Kiwi holds near multi-month highs against euro, pound
The New Zealand dollar holds near multi-month highs as investors prepare for a European Central Bank rate cut and more quantitative easing from the Bank of England.
The New Zealand dollar holds near multi-month highs as investors prepare for a European Central Bank rate cut and more quantitative easing from the Bank of England.
BUSINESSDESK: The New Zealand dollar held near multi-month highs against the euro and pound as investors prepare for a rate cut by the European Central Bank and more quantitative easing from the Bank of England when US markets are closed.
The kiwi held rose to 51.33 pence from 51.19 pence yesterday and advanced to 63.92 euro cents from 63.81 cents. That is near a two-month high against pound and a four-month high against the euro.

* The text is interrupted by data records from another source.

lemma inj_on_branch_s: "inj_on \<gamma> {s-\<eta>..s+\<eta>}"
proof -
  have "strict_mono_on {s-\<eta>..s+\<eta>} (\<lambda>x. \<sigma> * Y x)"
    by (rule strict_mono_on_of_deriv_pos)
      (use near_s in \<open>force intro: DERIV_cmult has_real_derivative_Y\<close>)
  then have "inj_on ((\<lambda>z. \<sigma> * vcoord v (z - p)) \<circ> \<gamma>) {s-\<eta>..s+\<eta>}"
    unfolding Y_def o_def by (rule strict_mono_on_imp_inj_on)
  then show ?thesis
    by (rule inj_on_imageI2)
qed

lemma inj_on_branch_t: "inj_on \<gamma> {t-\<eta>..t+\<eta>}"
proof -
  have "strict_mono_on {t-\<eta>..t+\<eta>} (\<lambda>x. \<tau> * X x)"
    by (rule strict_mono_on_of_deriv_pos)
      (use near_t \<alpha>_pos in \<open>force intro: DERIV_cmult has_real_derivative_X\<close>)
  then have "inj_on ((\<lambda>z. \<tau> * hcoord v (z - p)) \<circ> \<gamma>) {t-\<eta>..t+\<eta>}"
    unfolding X_def o_def by (rule strict_mono_on_imp_inj_on)
  then show ?thesis
    by (rule inj_on_imageI2)
qed

lemma branches_meet_only_at_params:
  assumes "x \<in> {s-\<eta>..s+\<eta>}" "y \<in> {t-\<eta>..t+\<eta>}" "\<gamma> x = \<gamma> y"
  shows "x = s \<and> y = t"
proof (rule transverse_crossing)
  have "X x = X y" "Y x = Y y"
    using assms(3) by (simp_all add: X_def Y_def)
  then show "\<alpha>/2 * \<bar>y - t\<bar> \<le> \<bar>X x\<bar>" "\<bar>Y x\<bar> \<le> M * \<bar>y - t\<bar>"
    using branch_t_bounds[OF assms(2)] by simp_all
  show "1/2 * \<bar>x - s\<bar> \<le> \<bar>Y x\<bar>" "\<bar>X x\<bar> \<le> \<kappa> * \<bar>x - s\<bar>"
    using branch_s_bounds[OF assms(1)] by simp_all
  show "0 < (1/2::real)" "0 \<le> \<kappa>" "\<kappa> * M < 1/2 * (\<alpha>/2)"
    using \<kappa>_pos \<kappa>_M \<alpha>_pos by simp_all
qed

lemma X_small_on_branch_s:
  assumes "x \<in> {s-\<eta>..s+\<eta>}" "\<bar>Y x\<bar> \<le> \<delta>"
  shows "\<bar>X x\<bar> < \<epsilon>"
proof -
  have "\<bar>x - s\<bar> \<le> 2 * \<delta>"
    using branch_s_bounds(1)[OF assms(1)] assms(2) by simp
  then have "\<kappa> * \<bar>x - s\<bar> \<le> 2 * \<kappa> * \<delta>"
    using \<kappa>_pos by (simp add: mult_left_mono)
  then show ?thesis
    using branch_s_bounds(2)[OF assms(1)] \<epsilon>_bounds(1) by linarith
qed

lemma Y_small_on_branch_t:
  assumes "x \<in> {t-\<eta>..t+\<eta>}" "\<bar>X x\<bar> \<le> \<epsilon>"
  shows "\<bar>Y x\<bar> < \<delta>"
proof -
  have "\<alpha> * \<bar>x - t\<bar> \<le> 2 * \<epsilon>"
    using branch_t_bounds(1)[OF assms(1)] assms(2) by simp
  then have "\<alpha> * (M * \<bar>x - t\<bar>) \<le> 2 * M * \<epsilon>"
    using M_ge_1 by (simp add: mult.left_commute mult_left_mono)
  with \<epsilon>_bounds(3) \<alpha>_pos have "M * \<bar>x - t\<bar> < \<delta>"
    by (smt (verit) mult_le_cancel_left_pos)
  then show ?thesis
    using branch_t_bounds(2)[OF assms(1)] by linarith
qed

definition box_corner :: complex where "box_corner = p - of_real \<epsilon> - of_real \<delta> * v"
definition box_side :: complex where "box_side = of_real (2*\<delta>) * v"

abbreviation "box_closed \<equiv> par_closed box_corner (2*\<epsilon>) box_side"
abbreviation "box_interior \<equiv> par_interior box_corner (2*\<epsilon>) box_side"
abbreviation "box_bottom \<equiv> par_bottom box_corner (2*\<epsilon>) box_side"
abbreviation "box_top \<equiv> par_top box_corner (2*\<epsilon>) box_side"
abbreviation "box_left \<equiv> par_left box_corner (2*\<epsilon>) box_side"
abbreviation "box_right \<equiv> par_right box_corner (2*\<epsilon>) box_side"

abbreviation "arc_s \<equiv> {x \<in> {s-\<eta>..s+\<eta>}. \<bar>Y x\<bar> \<le> \<delta>}"
abbreviation "arc_t \<equiv> {x \<in> {t-\<eta>..t+\<eta>}. \<bar>X x\<bar> \<le> \<epsilon>}"

lemma box_iff:
  "\<gamma> x \<in> box_closed \<longleftrightarrow> \<bar>X x\<bar> \<le> \<epsilon> \<and> \<bar>Y x\<bar> \<le> \<delta>"
  "\<gamma> x \<in> box_interior \<longleftrightarrow> \<bar>X x\<bar> < \<epsilon> \<and> \<bar>Y x\<bar> < \<delta>"
  "\<gamma> x \<in> box_bottom \<longleftrightarrow> \<bar>X x\<bar> < \<epsilon> \<and> Y x = -\<delta>"
  "\<gamma> x \<in> box_top \<longleftrightarrow> \<bar>X x\<bar> < \<epsilon> \<and> Y x = \<delta>"
  "\<gamma> x \<in> box_left \<longleftrightarrow> X x = -\<epsilon> \<and> \<bar>Y x\<bar> < \<delta>"
  "\<gamma> x \<in> box_right \<longleftrightarrow> X x = \<epsilon> \<and> \<bar>Y x\<bar> < \<delta>"
  unfolding box_corner_def box_side_def X_def Y_def
  using centred_parallelogram_iff[OF Im_v \<epsilon>_pos \<delta>_pos, of "\<gamma> x" p] by blast+

lemma box_near_params_iff:
  assumes "y \<in> {s-\<eta>..<s-\<eta>+1}"
  shows "\<bar>X y\<bar> \<le> \<epsilon> \<and> \<bar>Y y\<bar> \<le> \<delta> \<longleftrightarrow>
    y \<in> arc_s \<union> arc_t"
proof
  assume in_box: "\<bar>X y\<bar> \<le> \<epsilon> \<and> \<bar>Y y\<bar> \<le> \<delta>"
  have "cmod (\<gamma> y - p) \<le> \<epsilon> + \<delta> * cmod v"
    using norm_le_coords[of v "\<gamma> y - p"] Im_v in_box
    by (smt (verit, best) X_def Y_def mult_right_mono norm_ge_zero)
  then have "y \<notin> {s+\<eta>..t-\<eta>} \<union> {t+\<eta>..s+1-\<eta>}"
    using far by fastforce
  with assms in_box show "y \<in> arc_s \<union> arc_t"
    by auto
next
  assume "y \<in> arc_s \<union> arc_t"
  then show "\<bar>X y\<bar> \<le> \<epsilon> \<and> \<bar>Y y\<bar> \<le> \<delta>"
    using X_small_on_branch_s Y_small_on_branch_t by fastforce
qed

lemma box_preimage:
  "{x. \<gamma> x \<in> box_closed} =
   {x. \<exists>k::int. x - of_int k \<in> arc_s \<union> arc_t}"
proof (rule periodic_preimage[OF periodic])
  show "arc_s \<union> arc_t \<subseteq> {s-\<eta>..<s-\<eta>+1}"
    using \<eta>_pos \<eta>_gaps by auto
  show "\<gamma> y \<in> box_closed \<longleftrightarrow>
      y \<in> arc_s \<union> arc_t"
    if "y \<in> {s-\<eta>..<s-\<eta>+1}" for y
    using box_iff(1) box_near_params_iff[OF that] by simp
qed

lemma branch_s_arc:
  obtains lo hi where "s-\<eta> \<le> lo" "lo < s" "s < hi" "hi \<le> s+\<eta>"
    "arc_s = {lo..hi}"
    "\<gamma> ` {lo<..<hi} \<subseteq> box_interior"
    "(\<gamma> lo \<in> box_bottom \<and> \<gamma> hi \<in> box_top) \<or>
     (\<gamma> lo \<in> box_top \<and> \<gamma> hi \<in> box_bottom)"
proof -
  have abs_Y: "\<bar>\<sigma> * Y x\<bar> = \<bar>Y x\<bar>" for x
    using sign_tangent_s by (simp add: abs_mult)
  have deriv: "((\<lambda>x. \<sigma> * Y x) has_real_derivative \<sigma> * vcoord v (\<gamma>' x)) (at x)" for x
    by (intro DERIV_cmult has_real_derivative_Y)
  have "\<sigma> * Y s = 0" "\<delta> \<le> 1/2 * \<eta>"
    using coords_at_params \<delta>_le by simp_all
  then obtain lo hi where arc: "s-\<eta> \<le> lo" "lo < s" "s < hi" "hi \<le> s+\<eta>" "\<sigma> * Y lo = -\<delta>" "\<sigma> * Y hi = \<delta>"
    "{x \<in> {s-\<eta>..s+\<eta>}. \<bar>\<sigma> * Y x\<bar> \<le> \<delta>} = {lo..hi}"
    "{x \<in> {s-\<eta>..s+\<eta>}. \<bar>\<sigma> * Y x\<bar> < \<delta>} = {lo<..<hi}"
    using level_interval[where c = s and \<eta> = \<eta> and m = "1/2", OF deriv conjunct1[OF near_s]] \<delta>_pos
    by auto
  show thesis
  proof (rule that[OF arc(1-4)])
    show "arc_s = {lo..hi}"
      using arc(7) by (simp only: abs_Y)
    show "\<gamma> ` {lo<..<hi} \<subseteq> box_interior"
    proof
      fix z assume "z \<in> \<gamma> ` {lo<..<hi}"
      then obtain x where "x \<in> {s-\<eta>..s+\<eta>}" "\<bar>Y x\<bar> < \<delta>" "z = \<gamma> x"
        using arc(8) by (auto simp only: abs_Y)
      then show "z \<in> box_interior"
        using X_small_on_branch_s box_iff(2) by simp
    qed
    have "\<bar>X lo\<bar> < \<epsilon>" "\<bar>X hi\<bar> < \<epsilon>" "\<bar>Y lo\<bar> = \<delta>" "\<bar>Y hi\<bar> = \<delta>"
      using arc(1-6) abs_Y[of lo] abs_Y[of hi] \<delta>_pos X_small_on_branch_s[of lo] X_small_on_branch_s[of hi]
      by simp_all
    moreover have "\<sigma> = 1 \<or> \<sigma> = -1"
      using sign_tangent_s by linarith
    ultimately show "(\<gamma> lo \<in> box_bottom \<and> \<gamma> hi \<in> box_top) \<or>
      (\<gamma> lo \<in> box_top \<and> \<gamma> hi \<in> box_bottom)"
      using arc(5,6) box_iff(3,4) by auto
  qed
qed

lemma branch_t_arc:
  obtains lo hi where "t-\<eta> \<le> lo" "lo < t" "t < hi" "hi \<le> t+\<eta>"
    "arc_t = {lo..hi}"
    "\<gamma> ` {lo<..<hi} \<subseteq> box_interior"
    "(\<gamma> lo \<in> box_left \<and> \<gamma> hi \<in> box_right) \<or>
     (\<gamma> lo \<in> box_right \<and> \<gamma> hi \<in> box_left)"
proof -
  have abs_X: "\<bar>\<tau> * X x\<bar> = \<bar>X x\<bar>" for x
    using abs_\<tau> by (simp add: abs_mult)
  have deriv: "((\<lambda>x. \<tau> * X x) has_real_derivative \<tau> * hcoord v (\<gamma>' x)) (at x)" for x
    by (intro DERIV_cmult has_real_derivative_X)
  have "\<tau> * X t = 0" "0 < \<alpha>/2" "\<epsilon> \<le> \<alpha>/2 * \<eta>"
    using coords_at_params \<alpha>_pos \<epsilon>_bounds(2) by simp_all
  then obtain lo hi where arc: "t-\<eta> \<le> lo" "lo < t" "t < hi" "hi \<le> t+\<eta>" "\<tau> * X lo = -\<epsilon>" "\<tau> * X hi = \<epsilon>"
    "{x \<in> {t-\<eta>..t+\<eta>}. \<bar>\<tau> * X x\<bar> \<le> \<epsilon>} = {lo..hi}"
    "{x \<in> {t-\<eta>..t+\<eta>}. \<bar>\<tau> * X x\<bar> < \<epsilon>} = {lo<..<hi}"
    using level_interval[where c = t and \<eta> = \<eta> and m = "\<alpha>/2", OF deriv conjunct1[OF near_t]] \<epsilon>_pos
    by auto
  show thesis
  proof (rule that[OF arc(1-4)])
    show "arc_t = {lo..hi}"
      using arc(7) by (simp only: abs_X)
    show "\<gamma> ` {lo<..<hi} \<subseteq> box_interior"
    proof
      fix z assume "z \<in> \<gamma> ` {lo<..<hi}"
      then obtain x where "x \<in> {t-\<eta>..t+\<eta>}" "\<bar>X x\<bar> < \<epsilon>" "z = \<gamma> x"
        using arc(8) by (auto simp only: abs_X)
      then show "z \<in> box_interior"
        using Y_small_on_branch_t box_iff(2) by simp
    qed
    have "\<bar>Y lo\<bar> < \<delta>" "\<bar>Y hi\<bar> < \<delta>" "\<bar>X lo\<bar> = \<epsilon>" "\<bar>X hi\<bar> = \<epsilon>"
      using arc(1-6) abs_X[of lo] abs_X[of hi] \<epsilon>_pos Y_small_on_branch_t[of lo] Y_small_on_branch_t[of hi]
      by simp_all
    moreover have "\<tau> = 1 \<or> \<tau> = -1"
      using abs_\<tau> by linarith
    ultimately show "(\<gamma> lo \<in> box_left \<and> \<gamma> hi \<in> box_right) \<or>
      (\<gamma> lo \<in> box_right \<and> \<gamma> hi \<in> box_left)"
      using arc(5,6) box_iff(5,6) by auto
  qed
qed

lemma near_params_collision:
  assumes "a \<in> {s-\<eta>..s+\<eta>} \<union> {t-\<eta>..t+\<eta>}" "b \<in> {s-\<eta>..s+\<eta>} \<union> {t-\<eta>..t+\<eta>}" "\<gamma> a = \<gamma> b"
  shows "a = b \<or> \<gamma> a = p"
proof -
  consider "a \<in> {s-\<eta>..s+\<eta>}" "b \<in> {s-\<eta>..s+\<eta>}" | "a \<in> {t-\<eta>..t+\<eta>}" "b \<in> {t-\<eta>..t+\<eta>}"
    | "a \<in> {s-\<eta>..s+\<eta>}" "b \<in> {t-\<eta>..t+\<eta>}" | "a \<in> {t-\<eta>..t+\<eta>}" "b \<in> {s-\<eta>..s+\<eta>}"
    using assms(1,2) by blast
  then show ?thesis
  proof cases
    case 1
    then show ?thesis
      using inj_on_branch_s assms(3) by (simp add: inj_on_eq_iff)
  next
    case 2
    then show ?thesis
      using inj_on_branch_t assms(3) by (simp add: inj_on_eq_iff)
  next
    case 3
    then show ?thesis
      using branches_meet_only_at_params assms(3) at_s by blast
  next
    case 4
    then show ?thesis
      using branches_meet_only_at_params[of b a] assms(3) at_t by simp
  qed
qed

lemma box_double_points:
  "{q \<in> box_closed. is_double_point \<gamma> q} = {p}"
proof (intro equalityI subsetI)
  interpret per: periodic_fun_simple' \<gamma> by (fact periodic)
  fix q assume "q \<in> {q \<in> box_closed. is_double_point \<gamma> q}"
  then obtain x y where xy: "x \<in> {0..<1}" "y \<in> {0..<1}" "x \<noteq> y" "\<gamma> x = q" "\<gamma> y = q"
    and q: "q \<in> box_closed"
    unfolding is_double_point_def by auto
  obtain k :: int where "x - of_int k \<in> {s-\<eta>..s+\<eta>} \<union> {t-\<eta>..t+\<eta>}"
    using box_preimage q xy(4) by blast
  moreover obtain l :: int where "y - of_int l \<in> {s-\<eta>..s+\<eta>} \<union> {t-\<eta>..t+\<eta>}"
    using box_preimage q xy(5) by blast
  moreover have "\<gamma> (x - of_int k) = \<gamma> (y - of_int l)"
    using xy(4,5) per.minus_of_int by simp
  ultimately have "x - of_int k = y - of_int l \<or> \<gamma> (x - of_int k) = p"
    by (rule near_params_collision)
  moreover have "x - of_int k \<noteq> y - of_int l"
  proof
    assume "x - of_int k = y - of_int l"
    then have "x - y = of_int (k - l)"
      by (simp add: algebra_simps)
    then have "x - y \<in> \<int>"
      by simp
    then show False
      using eq_of_diff_Ints_unit_interval xy(1-3) by blast
  qed
  ultimately show "q \<in> {p}"
    using xy(4) per.minus_of_int by simp
next
  fix q assume "q \<in> {p}"
  moreover have "p \<in> box_closed"
    using box_iff(1)[of s] at_s coords_at_params \<epsilon>_pos \<delta>_pos by simp
  ultimately show "q \<in> {q \<in> box_closed. is_double_point \<gamma> q}"
    using is_double_point_p by simp
qed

The currency was little changed at 80.49 US cents at 5pm from 80.38 cents at 8am and 80.40 cents yesterday.
Markets are expected to be quiet tomorrow, with Wall Street closed for the US Independence Day holiday and investors are gearing up for looser monetary policy at the British and European central banks.
The Bank of England is tipped to expand its asset purchase programme £50 billion to £375 billion in a bid to lift Britain out of its double-dip recession, while the ECB is expected to trim its benchmark rate a quarter-point to 0.75%, according to Bloomberg surveys.

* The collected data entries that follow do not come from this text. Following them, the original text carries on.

(* Let $a_1,a_2,b_1,b_2,\gamma>0$ and define $F_1(r)=\frac1{a_1}r^{a_1}$, $F_2(r)=\frac1{a_2}r^{a_2}$ for $r\ge0$, and $h(\mathbf r)=\dfrac{r_1^{b_1}r_2^{b_2}}{(1+r_1+r_2)^\gamma}$ for $\mathbf r\in[0,\infty)^2$. Then $F_1,F_2,h$ satisfy all the conditions (F), (h), ($\theta$) listed in the context if and only if, for $j=1,2$, \[a_j\ge2,\qquad b_j\ge2a_j-1,\qquad b_1+b_2\le\gamma+\min\{a_1,a_2\}.\]
   Context: Conditions. (F): for $j=1,2$, $F_j:[0,\infty)\to[0,\infty)$ is $C^2$ with $F_j''(r)>0$ for $r>0$, $F_j(0)=F_j'(0)=0$, $\liminf_{r\to\infty}F_j''(r)>0$, $\limsup_{r\to\infty}F_j'(r)/F_j(r)<\infty$; there are $m_j,M_j>0$, $\beta_j\ge0$, $r_0>0$ with $m_jr^{\beta_j}\le F_j''(r)\le M_jr^{\beta_j}$ for $0\le r\le r_0$; and $F_j(r)-rF_j'(r)+r^2F_j''(r)\ge0$ for all $r\ge0$. (h): $h:[0,\infty)^2\to\mathbb R$ is $C^2$ with $h(r_1,0)=h(0,r_2)=0$ and $\partial_{r_j}h(r_1,0)=\partial_{r_j}h(0,r_2)=0$ for $j=1,2$ and all $r_1,r_2\ge0$. ($\theta$): with $\theta_j(\mathbf u):=\partial_{r_j}h((F_1')^{-1}(u_1),(F_2')^{-1}(u_2))$ and $\theta_{j,i}:=\partial_{u_i}\theta_j$ (i.e. $\theta_{j,i}(\mathbf u)=\partial_{r_i}\partial_{r_j}h(\mathbf r)/F_i''(r_i)$, $r_k=(F_k')^{-1}(u_k)$), each $\theta_{j,i}$ is locally Lipschitz on $[0,\infty)^2$ and there are constants $\kappa_{j,i}>0$ with $|\partial_{r_i}\partial_{r_j}h(\mathbf r)|\le\kappa_{j,i}F_i''(r_i)\min\{1,F_1'(r_1),F_2'(r_2),\sqrt{r_i/r_j}\}$ for all $\mathbf r\in[0,\infty)^2$ and $i,j\in\{1,2\}$. *)

theory Defs
  imports "HOL-Analysis.Analysis" "HOL-Library.Liminf_Limsup"
begin

definition Qd :: "(real \<times> real) set" where
  "Qd = {0..} \<times> {0..}"

definition coord :: "nat \<Rightarrow> real \<times> real \<Rightarrow> real" where
  "coord i p = (if i = 1 then fst p else snd p)"

definition upd :: "nat \<Rightarrow> real \<Rightarrow> real \<times> real \<Rightarrow> real \<times> real" where
  "upd i t p = (if i = 1 then (t, snd p) else (fst p, t))"

text \<open>Real power with the usual convention 0^0 = 1 (used for r \<ge> 0, exponent \<ge> 0).\<close>
definition rpow :: "real \<Rightarrow> real \<Rightarrow> real" where
  "rpow r b = (if r = 0 then (if b = 0 then 1 else 0) else r powr b)"

definition locally_lipschitz_on :: "(real \<times> real) set \<Rightarrow> (real \<times> real \<Rightarrow> real) \<Rightarrow> bool" where
  "locally_lipschitz_on S f \<longleftrightarrow>
     (\<forall>x\<in>S. \<exists>e>0. \<exists>L. L-lipschitz_on (cball x e \<inter> S) f)"

definition C2_nonneg :: "(real \<Rightarrow> real) \<Rightarrow> (real \<Rightarrow> real) \<Rightarrow> (real \<Rightarrow> real) \<Rightarrow> bool" where
  "C2_nonneg F F' F'' \<longleftrightarrow>
     (\<forall>r\<ge>0. (F has_real_derivative F' r) (at r within {0..}) \<and>
             (F' has_real_derivative F'' r) (at r within {0..})) \<and>
     continuous_on {0..} F''"

text \<open>Condition (F) for one function, except for the near-zero bound (whose r0 is shared).\<close>
definition cond_F :: "(real \<Rightarrow> real) \<Rightarrow> (real \<Rightarrow> real) \<Rightarrow> (real \<Rightarrow> real) \<Rightarrow> bool" where
  "cond_F F F' F'' \<longleftrightarrow>
     C2_nonneg F F' F'' \<and>
     (\<forall>r\<ge>0. F r \<ge> 0) \<and>
     (\<forall>r>0. F'' r > 0) \<and>
     F 0 = 0 \<and> F' 0 = 0 \<and>
     Liminf at_top (\<lambda>r. ereal (F'' r)) > 0 \<and>
     Limsup at_top (\<lambda>r. ereal (F' r / F r)) < \<infinity> \<and>
     (\<forall>r\<ge>0. F r - r * F' r + r\<^sup>2 * F'' r \<ge> 0)"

"If we get more QE and a rate cut, we should see the kiwi push up against those currencies," said Chris Tennent-Brown, FX economist at Commonwealth Bank of Australia in Sydney.

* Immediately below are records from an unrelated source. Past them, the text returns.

lemma biadditive_approx_on_axis:
  assumes T: "T > 0" and g: "biadditive_approx_on \<theta> (cube T) g"
  shows "biadditive_approx_on \<theta> {-T..<T} (\<lambda>s t. g (axis i s) (axis k t))"
  unfolding biadditive_approx_on_iff
proof (intro conjI ballI)
  fix t assume "t \<in> {-T..<T}"
  then have "approx_additive_on \<theta> (cube T) (\<lambda>x. g x (axis k t))"
    using g axis_in_cube_iff[OF T] unfolding biadditive_approx_on_iff by blast
  then show "approx_additive_on \<theta> {-T..<T} (\<lambda>s. g (axis i s) (axis k t))"
    by (rule approx_additive_on_axis[OF T])
next
  fix s assume "s \<in> {-T..<T}"
  then have "approx_additive_on \<theta> (cube T) (g (axis i s))"
    using g axis_in_cube_iff[OF T] unfolding biadditive_approx_on_iff by blast
  then show "approx_additive_on \<theta> {-T..<T} (\<lambda>t. g (axis i s) (axis k t))"
    by (rule approx_additive_on_axis[OF T])
qed

lemma approx_additive_on_cube_sum_axis:
  fixes f :: "real ^ 'n \<Rightarrow> 'b::real_normed_vector"
  assumes T: "T > 0" and f: "approx_additive_on \<theta> (cube T) f" and x: "x \<in> cube T"
  shows "norm (f x - (\<Sum>i\<in>UNIV. f (axis i (x $ i)))) \<le> (real CARD('n) - 1) * \<theta>"
proof -
  define v where "v S = (\<Sum>i\<in>S. axis i (x $ i))" for S
  have v_in_cube: "v S \<in> cube T" for S
    using x T unfolding cube_def v_def by (auto simp: axis_def if_distrib cong: if_cong)
  have "norm (f (v S) - (\<Sum>i\<in>S. f (axis i (x $ i)))) \<le> (real (card S) - 1) * \<theta>"
    if "finite S" "S \<noteq> {}" for S
    using that
  proof (induction S rule: finite_ne_induct)
    case (singleton i)
    then show ?case by (simp add: v_def)
  next
    case (insert j S)
    have axis: "axis j (x $ j) \<in> cube T" using axis_in_cube_iff[OF T] component_in_cube[OF x] by blast
    have "v (insert j S) = axis j (x $ j) + v S" unfolding v_def using insert by simp
    then have "f (v (insert j S)) - (\<Sum>i\<in>insert j S. f (axis i (x $ i)))
        = (f (axis j (x $ j) + v S) - f (axis j (x $ j)) - f (v S))
          + (f (v S) - (\<Sum>i\<in>S. f (axis i (x $ i))))"
      using insert by simp
    also have "norm \<dots> \<le> \<theta> + (real (card S) - 1) * \<theta>"
      using approx_additive_onD[OF f axis v_in_cube] v_in_cube[of "insert j S"] insert.IH
        \<open>v (insert j S) = axis j (x $ j) + v S\<close>
      by (intro norm_triangle_le add_mono) auto
    finally show ?case using insert by (simp add: algebra_simps)
  qed
  moreover have "v UNIV = x" by (simp add: v_def vec_eq_iff axis_def)
  ultimately show ?thesis by force
qed

definition coordinate_approximant ::
  "real \<Rightarrow> (real ^ 'n \<Rightarrow> real ^ 'n \<Rightarrow> 'b::banach) \<Rightarrow> real ^ 'n \<Rightarrow> real ^ 'n \<Rightarrow> 'b" where
  "coordinate_approximant T g x y =
     (\<Sum>i\<in>UNIV. \<Sum>k\<in>UNIV. biadditive_approximant T (\<lambda>s t. g (axis i s) (axis k t)) (x $ i) (y $ k))"

context
  fixes T \<theta> :: real and g :: "real ^ 'n \<Rightarrow> real ^ 'n \<Rightarrow> 'b::banach"
  assumes T: "T > 0" and g: "biadditive_approx_on \<theta> (cube T) g"
begin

"The kiwi/euro and kiwi/pound [cross-rates] have certainly picked up and the risks are to the upside."
The central bank meetings, scheduled for later tomorrow in Europe, come after the Reserve Bank of Australia left its target cash rate unchanged at 3.5% yesterday, while reducing its outlook for international growth.
The kiwi fell to 78.17 Australian cents from 78.34 cents yesterday.
Trading has been thin this week because of the looming US holiday, though American employment figures on Friday are expected to weigh on traders. Non-farm payrolls grew by 90,000 last month, according to a Reuters survey of economists.
The kiwi rose to 64.18 yen from 64.08 yen yesterday, and the trade-weighted index was little changed at 72.57 from 72.53.